Easy: 61 × 53 = 3233
Hard: 3233 = ? × ? (without knowing 61 and 53)
Scale this to 2048-bit numbers and factoring becomes computationally infeasible.
Key Generation
- Choose two large random primes (p and q)
- Compute n = p × q (the modulus)
- Compute φ(n) = (p-1)(q-1)
- Choose public exponent e (commonly 65537)

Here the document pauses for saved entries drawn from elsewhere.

lemma expectation_rls_step:
  assumes "n \<ge> 2"
  shows "measure_pmf.expectation (rls_step n f x) g =
    ((\<Sum>S\<in>flip_sets n 1. g (rls_move f x S)) / real n
      + (\<Sum>S\<in>flip_sets n 2. g (rls_move f x S)) / real (n choose 2)) / 2"
proof -
  have "rls_step n f x = map_pmf (rls_move f x) (pmf_of_set {1, 2} \<bind> (\<lambda>b. pmf_of_set (flip_sets n b)))"
    unfolding rls_step_def rls_move_def flip_sets_def map_pmf_def
    by (simp add: bind_assoc_pmf bind_return_pmf Let_def)
  also have "measure_pmf.expectation \<dots> g =
      (\<Sum>b\<in>{1, 2}. measure_pmf.expectation (pmf_of_set (flip_sets n b)) (\<lambda>S. g (rls_move f x S)) /\<^sub>R real (card {1::nat, 2}))"
    using assms
    by (simp only: integral_map_pmf)
      (rule pmf_expectation_bind_pmf_of_set, auto simp: finite_flip_sets flip_sets_nonempty)
  also have "\<dots> = ((\<Sum>S\<in>flip_sets n 1. g (rls_move f x S)) / real n
      + (\<Sum>S\<in>flip_sets n 2. g (rls_move f x S)) / real (n choose 2)) / 2"
    using assms
    by (simp add: integral_pmf_of_set finite_flip_sets flip_sets_nonempty card_flip_sets add_divide_distrib)
  finally show ?thesis .
qed

section \<open>The trap: B = 1, w_1 = 1 and w_i = 2 otherwise\<close>

definition trap_weights :: "nat \<Rightarrow> real" where
  "trap_weights i = (if i = 1 then 1 else 2)"

definition trap_potential :: "nat \<Rightarrow> nat set \<Rightarrow> real" where
  "trap_potential n x =
     (if x \<subseteq> {1..n} \<and> 1 \<notin> x \<and> x \<noteq> {} then real ((n - card x)\<^sup>2) else 0)"

lemma f_obj_trap_weights:
  assumes "finite z"
  shows "f_obj trap_weights z = 2 * real (card z) - (if 1 \<in> z then 1 else 0)"
proof -
  have "f_obj trap_weights z = (\<Sum>i\<in>z. 2 - (if i = 1 then 1 else 0))"
    unfolding f_obj_def trap_weights_def by (intro sum.cong) auto
  then show ?thesis
    using assms by (simp add: sum_subtractf)
qed

lemma f_pen_trap_weights:
  assumes "n \<ge> 2" "finite z"
  shows "f_pen n trap_weights 1 z =
    2 * real (card z) - (if 1 \<in> z then 1 else 0) + (if z = {} then 2 * real n + 1 else 0)"
proof -
  have "max 0 (1 - real (card z)) = (if z = {} then 1 else 0)"
    using assms by (cases "z = {}") (auto simp: card_gt_0_iff Suc_le_eq)
  then show ?thesis
    using assms by (simp add: f_pen_def f_obj_trap_weights trap_weights_def)
qed

lemma optimal_trap_weights_imp_1_in:
  assumes "n \<ge> 1" "optimal n trap_weights 1 x"
  shows "1 \<in> x"
proof (rule ccontr)
  assume "1 \<notin> x"
  have x: "x \<subseteq> {1..n}" "card x \<ge> 1"
    and min: "\<And>y. y \<subseteq> {1..n} \<Longrightarrow> card y \<ge> 1 \<Longrightarrow> f_obj trap_weights x \<le> f_obj trap_weights y"
    using assms(2) by (auto simp: optimal_def search_space_def)
  have "finite x"
    using x(1) finite_subset by blast
  then obtain j where "j \<in> x"
    using x(2) by fastforce
  define y where "y = insert 1 (x - {j})"
  have "card y = card x"
    using \<open>j \<in> x\<close> \<open>1 \<notin> x\<close> \<open>finite x\<close> x(2) by (simp add: y_def)
  moreover have "y \<subseteq> {1..n}"
    using x(1) assms(1) by (auto simp: y_def)
  ultimately have "f_obj trap_weights x \<le> f_obj trap_weights y"
    using min x(2) by simp
  then show False
    using \<open>card y = card x\<close> \<open>1 \<notin> x\<close> \<open>finite x\<close>
    by (simp add: f_obj_trap_weights y_def)
qed

lemma trap_potential_optimal:
  assumes "n \<ge> 1" "optimal n trap_weights 1 x"
  shows "trap_potential n x = 0"
  using optimal_trap_weights_imp_1_in[OF assms] by (simp add: trap_potential_def)

lemma trap_potential_nonneg: "0 \<le> trap_potential n x"
  by (simp add: trap_potential_def)

lemma trap_potential_le: "trap_potential n x \<le> real (n\<^sup>2)"
  unfolding trap_potential_def of_nat_le_iff by (auto intro: power_mono)

lemma trap_loss_le_gain:
  fixes n k :: nat
  assumes "2 \<le> n" "1 \<le> k" "k \<le> n"
  shows "real k * real ((n - k)\<^sup>2) / real (n choose 2)
    \<le> 2 + real k * (if k \<ge> 2 then 2 * real (n - k) + 1 else 0) / real n"
proof (cases "k = 1")
  case True
  have "real ((n - 1)\<^sup>2) = (real n - 1) * (real n - 1)"
    using assms(1) by (simp add: of_nat_diff power2_eq_square)
  then show ?thesis
    using True assms(1) by (simp add: real_choose_2 field_simps)
next
  case False
  define a where "a = real (n - k)"
  have a: "0 \<le> a" "a \<le> real n - 1"
    using assms by (auto simp: a_def of_nat_diff)
  have "real n - 1 > 0"
    using assms(1) by simp
  then have "real k * (a * a) / (real n * (real n - 1) / 2)
      \<le> real k * (a * (real n - 1)) / (real n * (real n - 1) / 2)"
    by (intro divide_right_mono mult_left_mono) (use a in simp_all)
  also have "\<dots> = real k * (2 * a) / real n"
    using \<open>real n - 1 > 0\<close> by (simp add: field_simps)
  also have "\<dots> \<le> real k * (2 * a + 1) / real n"
    by (intro divide_right_mono mult_left_mono) simp_all
  finally show ?thesis
    using False assms(2) by (simp add: a_def power2_eq_square real_choose_2)
qed

locale trap_point =
  fixes n :: nat and x :: "nat set"
  assumes n_ge_2: "n \<ge> 2" and x_subset: "x \<subseteq> {1..n}"
    and one_notin_x: "1 \<notin> x" and x_nonempty: "x \<noteq> {}"
begin

abbreviation F :: "nat set \<Rightarrow> real" where
  "F \<equiv> f_pen n trap_weights 1"

lemma finite_x: "finite x"
  using x_subset finite_subset by blast

lemma card_x_ge_1: "card x \<ge> 1"
  using finite_x x_nonempty by (simp add: Suc_le_eq card_gt_0_iff)

lemma card_x_le: "card x \<le> n"
  using card_mono[OF _ x_subset] by simp

lemma F_x: "F x = 2 * real (card x)"
  using f_pen_trap_weights[OF n_ge_2 finite_x] one_notin_x x_nonempty by simp

lemma trap_potential_x: "trap_potential n x = real ((n - card x)\<^sup>2)"
  using x_subset one_notin_x x_nonempty by (simp add: trap_potential_def)

lemma trap_potential_move_ge:
  assumes S: "S \<subseteq> {1..n}" and no_swap: "1 \<notin> S \<or> S \<inter> x = {}"
  shows "trap_potential n (rls_move F x S) \<ge> real ((n - card x)\<^sup>2)"
proof -
  define y where "y = x \<union> S - (x \<inter> S)"
  show ?thesis
  proof (cases "F y \<le> F x")
    case True
    then have move: "rls_move F x S = y" and accept: "F y \<le> F x"
      by (simp_all add: rls_move_def y_def)
    have "finite S"
      using S finite_subset by blast
    then have "finite y"
      using finite_x by (simp add: y_def)
    note F_y = f_pen_trap_weights[OF n_ge_2 \<open>finite y\<close>]
    have "y \<noteq> {}"
      using accept F_x F_y card_x_le by auto
    have "1 \<notin> y"
    proof
      assume "1 \<in> y"
      then have "1 \<in> S" "S \<inter> x = {}"
        using one_notin_x no_swap by (auto simp: y_def)
      then have "card y = card x + card S" and "card S \<ge> 1"
        using finite_x \<open>finite S\<close> by (auto simp: y_def card_Un_disjoint Int_commute Suc_le_eq card_gt_0_iff)
      then show False
        using accept F_x F_y \<open>1 \<in> y\<close> \<open>y \<noteq> {}\<close> by simp
    qed
    then have "card y \<le> card x"
      using accept F_x F_y \<open>y \<noteq> {}\<close> by simp
    moreover have "y \<subseteq> {1..n}"
      using S x_subset by (auto simp: y_def)
    ultimately show ?thesis
      using move \<open>1 \<notin> y\<close> \<open>y \<noteq> {}\<close> by (simp add: trap_potential_def power_mono)
  next
    case False
    then show ?thesis
      by (simp add: rls_move_def y_def trap_potential_x)
  qed
qed

lemma rls_move_remove:
  assumes "j \<in> x" "card x \<ge> 2"
  shows "rls_move F x {j} = x - {j}"
proof -
  have "card (x - {j}) = card x - 1"
    using assms finite_x by simp
  then have "x - {j} \<noteq> {}"
    using assms(2) card_gt_0_iff[of "x - {j}"] by linarith
  then have "F (x - {j}) \<le> F x"
    using f_pen_trap_weights[OF n_ge_2, of "x - {j}"] F_x finite_x one_notin_x
      \<open>card (x - {j}) = card x - 1\<close> assms(2) by (simp add: of_nat_diff)
  moreover have "x \<union> {j} - (x \<inter> {j}) = x - {j}"
    using assms(1) by auto
  ultimately show ?thesis
    by (simp add: rls_move_def)
qed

- Compute private exponent d (modular inverse of e)
- Public key: (n, e)
- Private key: (n, d)
Key Sizes
| Key Size | Security | Status |
|---|---|---|
| 1024-bit | ~80 bits | Deprecated |
| 2048-bit | ~112 bits | Current minimum |
| 3072-bit | ~128 bits | Recommended |
| 4096-bit | ~140 bits | High security |
Use Cases
Key Exchange
- Encrypt a symmetric key with RSA
- Use symmetric key for bulk data (hybrid encryption)
Digital Signatures
- Sign hash of document with private key
- Anyone can verify with public key
SSL/TLS Certificates
- Website identity verification
- Though ECC is increasingly preferred
RSA vs Elliptic Curve
| Aspect | RSA-3072 | ECC-256 |
|---|---|---|
| Security | 128 bits | 128 bits |
| Key Size | 3072 bits | 256 bits |
| Speed | Slower | Faster |
| Bandwidth | Higher | Lower |
ECC provides equivalent security with much smaller keys.
Quantum Threat
RSA is vulnerable to quantum computers:
- Shor's algorithm can factor large numbers efficiently
- Post-quantum cryptography research is ongoing
- Timeline uncertain but RSA may need replacement
Related Terms
Asymmetric Encryption
An encryption method using a pair of mathematically related keys: a public key for encryption and a private key for decryption. This solves the key distribution problem of symmetric encryption.
Encryption
The process of converting information into a code to prevent unauthorized access. Encryption transforms readable data (plaintext) into an unreadable format (ciphertext) using a cryptographic algorithm and key. Only those with the correct key can decrypt and read the original data.
Public Key Cryptography
A cryptographic system that uses pairs of keys: public keys (which may be disseminated widely) and private keys (which are known only to the owner). This enables secure communication between parties who have never met and forms the basis for digital signatures, key exchange, and encrypted communication.